Tant que le ministère de l’ESU ne reprendra pas la main, l’enseignement supérieur congolais restera un conglomérat d’initiatives contradictoires. Il ne suffit pas de signer des arrêtés ou de brandir des slogans sur la modernisation : il faut assumer le pilotage, clarifier les règles, et surtout écouter les acteurs de terrain. Faute de quoi, le silence du ministère restera un coup de poignard dans le dos des étudiants.
Refonder l’université congolaise : une urgence nationale
La polémique sur l’interdiction des soutenances à l’UPN n’est pas un simple incident isolé. Elle est le symptôme d’un système universitaire malade, miné par l’improvisation, le manque de moyens et l’absence de vision. Le problème n’est pas seulement le LMD mal appliqué, ni le silence complice du ministère de l’ESU. Le vrai problème est plus profond : l’université congolaise a besoin d’une refondation totale.
Aujourd’hui, la plupart des établissements fonctionnent dans des conditions indignes : professeurs mal rémunérés et démotivés, infrastructures délabrées, amphithéâtres surpeuplés, bibliothèques vides, laboratoires inexistants. Les étudiants, eux, subissent le poids d’une réforme qui se veut moderne mais qui s’applique sur un terreau stérile. On leur promet la compétitivité internationale, alors qu’ils n’ont même pas accès à une connexion Internet stable ni à des ouvrages récents.
Refonder l’université congolaise, c’est d’abord investir massivement dans les infrastructures et le capital humain. Aucun système – ni le LMD ni un autre – ne peut fonctionner sans enseignants qualifiés, sans équipements modernes et sans une gouvernance transparente. C’est aussi harmoniser les pratiques académiques à travers tout le pays pour éviter la cacophonie actuelle où chaque établissement invente ses propres règles.
Il est urgent également de replacer la recherche au centre de la mission universitaire. Une université qui ne produit pas de savoir nouveau n’est qu’un centre de distribution de diplômes. La RDC a besoin de chercheurs capables d’éclairer les politiques publiques, de proposer des innovations adaptées au contexte local et de participer au rayonnement scientifique international.

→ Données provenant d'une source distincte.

lemma matrix_elem_prod_self: "matrix_elem_prod P P a b = (cmod (cinner b (P *v a)))\<^sup>2"
  unfolding matrix_elem_prod_def by (metis Re_complex_of_real complex_norm_square mult.commute)

lemma matrix_elem_prod_swap:
  assumes "hermitian P" "hermitian Q"
  shows "matrix_elem_prod P Q a b = matrix_elem_prod Q P b a"
proof -
  have "cinner a (P *v b) = cnj (cinner b (P *v a))" "cinner a (Q *v b) = cnj (cinner b (Q *v a))"
    by (simp_all add: hermitian_cinner[OF assms(1)] hermitian_cinner[OF assms(2)] cnj_cinner)
  then show ?thesis unfolding matrix_elem_prod_def by (simp add: mult.commute)
qed

context
  fixes H :: "complex^'d^'d" and U and h
  assumes basis: "orthonormal_eigenbasis H U h UNIV" and H: "hermitian H"
begin

lemma eigenbasis_eigenvalue: "u \<in> U \<Longrightarrow> H *v u = h u *\<^sub>R u"
  using basis by (simp add: orthonormal_eigenbasis_def)

lemma cinner_eq_sum_eigenbasis: "cinner y z = (\<Sum>u\<in>U. cnj (cinner u y) * cinner u z)"
proof -
  have "z = (\<Sum>u\<in>U. cinner u z *s u)"
    using basis by (simp add: orthonormal_eigenbasis_def)
  then have "cinner y z = (\<Sum>u\<in>U. cinner u z * cinner y u)"
    by (metis (no_types, lifting) cinner_smult_right cinner_sum_right sum.cong)
  then show ?thesis by (simp add: cnj_cinner mult.commute)
qed

lemma power2_norm_eq_sum_eigenbasis: "(norm y)\<^sup>2 = (\<Sum>u\<in>U. (cmod (cinner u y))\<^sup>2)"
proof -
  have "of_real ((norm y)\<^sup>2) = cinner y y"
    by (simp add: cinner_self)
  also have "\<dots> = (\<Sum>u\<in>U. cnj (cinner u y) * cinner u y)"
    by (rule cinner_eq_sum_eigenbasis)
  also have "\<dots> = of_real (\<Sum>u\<in>U. (cmod (cinner u y))\<^sup>2)"
    unfolding of_real_sum by (intro sum.cong refl) (metis complex_norm_square mult.commute)
  finally show ?thesis by (simp only: of_real_eq_iff)
qed

lemma mpow_mult_eigenvector: "u \<in> U \<Longrightarrow> mpow H n *v u = (h u ^ n) *\<^sub>R u"
  by (induction n)
    (simp_all add: mpow_Suc eigenbasis_eigenvalue matrix_vector_mult_scaleR_complex
      flip: matrix_vector_mul_assoc)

Cela exige des financements, mais surtout une volonté politique forte.
Enfin, refonder l’université congolaise, c’est redonner confiance aux étudiants. Leur formation ne doit plus être perçue comme un parcours semé d’humiliations, mais comme un tremplin vers l’avenir. Si rien n’est fait, le pays continuera de former des diplômés frustrés, mal préparés et sans perspectives. Si, en revanche, une réforme profonde est engagée, l’université congolaise peut redevenir un moteur de développement national. L’urgence n’est plus à débattre : elle est à l’action.
En définitive, l’affaire des soutenances supprimées à l’UPN n’est que la partie visible d’un iceberg. Derrière elle, se cache une réforme imposée sans préparation, un ministère absent et des universités livrées à elles-mêmes. Si rien n’est fait, l’enseignement supérieur congolais risque de perdre définitivement sa crédibilité, transformant les diplômes en titres sans valeur et les étudiants en victimes d’un système en faillite.

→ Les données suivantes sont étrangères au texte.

definition generic :: "complex \<Rightarrow> complex \<Rightarrow> complex \<Rightarrow> complex \<Rightarrow> complex \<Rightarrow> complex list \<Rightarrow> bool" where
  "generic p q t a b xs \<longleftrightarrow> q \<noteq> 0 \<and> t \<noteq> 0 \<and> a \<noteq> 0 \<and> b \<noteq> 0 \<and> (\<forall>x\<in>set xs. x \<noteq> 0) \<and>
     (\<forall>(i::int) (j::int) (k::int) (l::int) (r::int list). length r = length xs \<longrightarrow>
        (i, j, k, l, r) \<noteq> (0, 0, 0, 0, replicate (length xs) 0) \<longrightarrow>
        E p (q powi i * t powi j * a powi k * b powi l * (\<Prod>m<length xs. (xs ! m) powi (r ! m))) \<noteq> 0)"

end

theory Submission
  imports Defs
begin

(*
  By the branching rule, W_lambda(x_1,...,x_n) is a sum over chains of successively interlacing
  partitions lambda = nu^(n), nu^(n-1), ..., nu^(0) = 0, and only chains in which nu^(l) has at
  most l parts contribute. Since lambda_n >= k, interlacing forces the first l parts of nu^(l)
  to be >= k, so subtracting k from them is a bijection onto the chains of lambda - k^n.

  Each branching step factorises: if lambda has at most l+1 parts and mu at most l, then
    W_{(lambda+k^(l+1))/(mu+k^l)}(x;a,b)
      = (t^(-l)/x)_k (a x t^(-l))_k / ((qbx)_k (qb/(ax))_k)
        * prod_(i=1..l) (qbt^(1-2i))_2k / (qbt^(-2i))_2k * W_{lambda/mu}(x q^(-k); a q^2k, b q^2k).
  The H-factor is invariant, the Pochhammer symbols split as (c)_(lambda+k^m) = (c)_(k^m) (cq^k)_lambda,
  and the i-th diagonal factor yields E(cq^2k)/E(c) (c)_2k = (cq)_2k. The branching recursion uses
  x = y t^(-l), a t^(2l), b t^l, so the first factor becomes the factor of the variable y, and the
  diagonal factors of the n steps telescope to the product over j <= n div 2.
*)

lemma thpoch_of_nat: "thpoch p q a (int m) = (\<Prod>j<m. E p (a * q ^ j))"
  by (simp add: thpoch_def)

lemma thpoch_zero [simp]: "thpoch p q a 0 = 1"
  by (simp add: thpoch_def)

lemma thpoch_one [simp]: "thpoch p q a 1 = E p a"
  using thpoch_of_nat[of p q a 1] by simp

lemma thpoch_add_nat:
  "thpoch p q a (int m + int n) = thpoch p q a (int m) * thpoch p q (a * q ^ m) (int n)"
proof -
  have "(\<Prod>j<m + n. E p (a * q ^ j)) = (\<Prod>j<m. E p (a * q ^ j)) * (\<Prod>j<n. E p (a * q ^ (j + m)))"
    using prod.atLeastLessThan_concat[of 0 m "m + n" "\<lambda>j. E p (a * q ^ j)"]
      prod.shift_bounds_nat_ivl[of "\<lambda>j. E p (a * q ^ j)" 0 m n]
    by (simp add: atLeast0LessThan add.commute)
  then show ?thesis
    by (simp add: thpoch_of_nat flip: of_nat_add) (simp add: power_add mult_ac)
qed

lemma thpoch_add:
  assumes "m \<ge> 0" "n \<ge> 0"
  shows "thpoch p q a (m + n) = thpoch p q a m * thpoch p q (a * q powi m) n"
  using thpoch_add_nat[of p q a "nat m" "nat n"] assms
  by (simp add: power_int_nonneg_exp)

lemma thpoch_shift_base:
  assumes "E p c \<noteq> 0"
  shows "E p (c * q ^ n) / E p c * thpoch p q c (int n) = thpoch p q (c * q) (int n)"
proof -
  have "E p c * thpoch p q (c * q) (int n) = thpoch p q c (int 1 + int n)"
    using thpoch_add_nat[of p q c 1 n] by simp
  also have "\<dots> = thpoch p q c (int n) * E p (c * q ^ n)"
    using thpoch_add_nat[of p q c n 1] by (simp add: add.commute)
  finally show ?thesis
    using assms by (simp add: field_simps)
qed

definition E_nonzero_on_orbit :: "complex \<Rightarrow> complex \<Rightarrow> complex \<Rightarrow> complex \<Rightarrow> bool" where
  "E_nonzero_on_orbit p q t c \<longleftrightarrow> (\<forall>s r. E p (c * t powi s * q powi r) \<noteq> 0)"

lemma E_nonzero_on_orbitD: "E_nonzero_on_orbit p q t c \<Longrightarrow> E p c \<noteq> 0"
  unfolding E_nonzero_on_orbit_def by (metis mult.right_neutral power_int_0_right)

lemma E_nonzero_on_orbit_mult:
  assumes "E_nonzero_on_orbit p q t c" "q \<noteq> 0" "t \<noteq> 0"
  shows "E_nonzero_on_orbit p q t (c * t powi s * q powi r)"
  unfolding E_nonzero_on_orbit_def
proof (intro allI)
  fix s' r'
  have "c * t powi s * q powi r * t powi s' * q powi r' = c * t powi (s + s') * q powi (r + r')"
    using assms(2,3) by (simp add: power_int_add mult_ac)
  then show "E p (c * t powi s * q powi r * t powi s' * q powi r') \<noteq> 0"
    using assms(1) unfolding E_nonzero_on_orbit_def by metis
qed

lemma thpoch_nonzero:
  assumes "E_nonzero_on_orbit p q t c" "m \<ge> 0"
  shows "thpoch p q c m \<noteq> 0"
proof -
  have "E p (c * q ^ j) \<noteq> 0" for j
    using assms(1) unfolding E_nonzero_on_orbit_def
    by (metis power_int_0_right power_int_of_nat mult.right_neutral)
  then show ?thesis
    using assms(2) by (simp add: thpoch_def)
qed

lemma part_nonneg: "part lam i \<ge> 0"
  by (simp add: part_def)

lemma part_replicate_zero [simp]: "part (replicate n 0) i = 0"
  by (auto simp: part_def)

lemma interlace_length: "interlace lam nu \<Longrightarrow> length nu = length lam"
  by (simp add: interlace_def)

lemma interlace_nth_le:
  assumes "interlace lam nu" "j < length nu"
  shows "nu ! j \<le> lam ! j"
proof -
  have "part nu (Suc j) \<le> part lam (Suc j)"
    using assms unfolding interlace_def by auto
  then show ?thesis
    using assms unfolding interlace_def by (simp add: part_def)
qed

lemma finite_interlace: "finite {nu. interlace lam nu}"
proof (rule finite_subset)
  let ?N = "Max (insert 0 (set lam))"
  show "{nu. interlace lam nu} \<subseteq> {nu. set nu \<subseteq> {0..?N} \<and> length nu = length lam}"
  proof clarify
    fix nu assume il: "interlace lam nu"
    have "nu ! j \<le> ?N" if "j < length nu" for j
      using interlace_nth_le[OF il that] that interlace_length[OF il]
      by (metis Max_ge finite_insert finite_set insertCI le_trans nth_mem)
    then show "set nu \<subseteq> {0..?N} \<and> length nu = length lam"
      using interlace_length[OF il] by (auto simp: in_set_conv_nth)
  qed
  show "finite {nu. set nu \<subseteq> {0..?N} \<and> length nu = length lam}"
    by (rule finite_lists_length_eq) simp
qed

definition at_most_parts :: "nat \<Rightarrow> nat list \<Rightarrow> bool" where
  "at_most_parts l lam \<longleftrightarrow> (\<forall>i>l. part lam i = 0)"

definition shift_parts :: "nat \<Rightarrow> nat \<Rightarrow> nat list \<Rightarrow> nat list" where
  "shift_parts k m lam = map (\<lambda>i. if i < m then lam ! i + k else lam ! i) [0..<length lam]"

lemma length_shift_parts [simp]: "length (shift_parts k m lam) = length lam"
  by (simp add: shift_parts_def)

lemma shift_parts_zero [simp]: "shift_parts k 0 lam = lam"
  by (simp add: shift_parts_def map_nth)

lemma part_shift_parts:
  assumes "m \<le> length lam"
  shows "part (shift_parts k m lam) i = (if 1 \<le> i \<and> i \<le> m then part lam i + int k else part lam i)"
  using assms by (auto simp: part_def shift_parts_def)

lemma at_most_parts_shift_parts:
  assumes "m \<le> l" "m \<le> length lam"
  shows "at_most_parts l (shift_parts k m lam) \<longleftrightarrow> at_most_parts l lam"
  using assms by (simp add: at_most_parts_def part_shift_parts)

lemma inj_shift_parts: "inj (shift_parts k m)"
proof (rule injI)
  fix lam mu assume eq: "shift_parts k m lam = shift_parts k m mu"
  then have len: "length lam = length mu"
    by (metis length_shift_parts)
  have "lam ! i = mu ! i" if "i < length lam" for i
    using arg_cong[OF eq, of "\<lambda>xs. xs ! i"] that len by (simp add: shift_parts_def split: if_splits)
  then show "lam = mu"
    using len by (simp add: list_eq_iff_nth_eq)
qed

lemma shift_parts_preimage:
  assumes "\<And>i. i < m \<Longrightarrow> i < length nu \<Longrightarrow> k \<le> nu ! i"
  obtains mu where "shift_parts k m mu = nu"
proof
  let ?mu = "map (\<lambda>i. if i < m then nu ! i - k else nu ! i) [0..<length nu]"
  show "shift_parts k m ?mu = nu"
    using assms by (intro nth_equalityI) (auto simp: shift_parts_def)
qed

lemma interlace_shift_parts:
  assumes "Suc l \<le> length lam" "length nu = length lam"
    and "at_most_parts (Suc l) lam" "at_most_parts l nu"
  shows "interlace (shift_parts k (Suc l) lam) (shift_parts k l nu) \<longleftrightarrow> interlace lam nu"
proof -
  have "part (shift_parts k l nu) i \<le> part (shift_parts k (Suc l) lam) i
        \<and> part (shift_parts k (Suc l) lam) (i + 1) \<le> part (shift_parts k l nu) i
      \<longleftrightarrow> part nu i \<le> part lam i \<and> part lam (i + 1) \<le> part nu i" if "1 \<le> i" for i
  proof (cases "i \<le> l")
    case True
    then show ?thesis
      using assms(1,2) that by (simp add: part_shift_parts)
  next
    case False
    then show ?thesis
      using assms part_nonneg[of lam i] by (simp add: part_shift_parts at_most_parts_def)
  qed
  then show ?thesis
    using assms(2) by (simp add: interlace_def)
qed

lemma interlace_shift_parts_image:
  assumes "Suc l \<le> length lam" "at_most_parts (Suc l) lam"
  shows "{nu. interlace (shift_parts k (Suc l) lam) nu \<and> at_most_parts l nu}
       = shift_parts k l ` {mu. interlace lam mu \<and> at_most_parts l mu}"
proof (intro equalityI subsetI)
  fix nu assume "nu \<in> {nu. interlace (shift_parts k (Suc l) lam) nu \<and> at_most_parts l nu}"
  then have il: "interlace (shift_parts k (Suc l) lam) nu" and nu: "at_most_parts l nu"
    by simp_all
  have len: "length nu = length lam"
    using interlace_length[OF il] by simp
  have "k \<le> nu ! i" if "i < l" "i < length nu" for i
  proof -
    have "part (shift_parts k (Suc l) lam) (Suc i + 1) \<le> part nu (Suc i)"
      using il that len unfolding interlace_def by auto
    then have "part lam (Suc i + 1) + int k \<le> part nu (Suc i)"
      using that assms(1) by (simp add: part_shift_parts)
    then show ?thesis
      using that part_nonneg[of lam "Suc i + 1"] by (simp add: part_def)
  qed
  then obtain mu where mu: "shift_parts k l mu = nu"
    using shift_parts_preimage by blast
  have "length mu = length lam" "l \<le> length mu"
    using mu len assms(1) by auto
  then have "at_most_parts l mu" "interlace lam mu"
    using nu il mu assms interlace_shift_parts[of l lam mu k] at_most_parts_shift_parts[of l l mu k]
    by auto
  then show "nu \<in> shift_parts k l ` {mu. interlace lam mu \<and> at_most_parts l mu}"
    using mu by blast
next
  fix nu assume "nu \<in> shift_parts k l ` {mu. interlace lam mu \<and> at_most_parts l mu}"
  then obtain mu where nu: "nu = shift_parts k l mu" and "interlace lam mu" "at_most_parts l mu"
    by blast
  moreover have "length mu = length lam"
    using \<open>interlace lam mu\<close> by (rule interlace_length)
  ultimately show "nu \<in> {nu. interlace (shift_parts k (Suc l) lam) nu \<and> at_most_parts l nu}"
    using assms interlace_shift_parts[of l lam mu k] at_most_parts_shift_parts[of l l mu k] by auto
qed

Il est temps d’agir. La refondation de l’université congolaise doit devenir une priorité nationale. Investissements, recrutement d’enseignants, harmonisation des pratiques, valorisation de la recherche : autant de chantiers incontournables. L’avenir du pays ne se construira pas sur des slogans ou des réformes bâclées, mais sur une université forte, crédible et tournée vers l’excellence.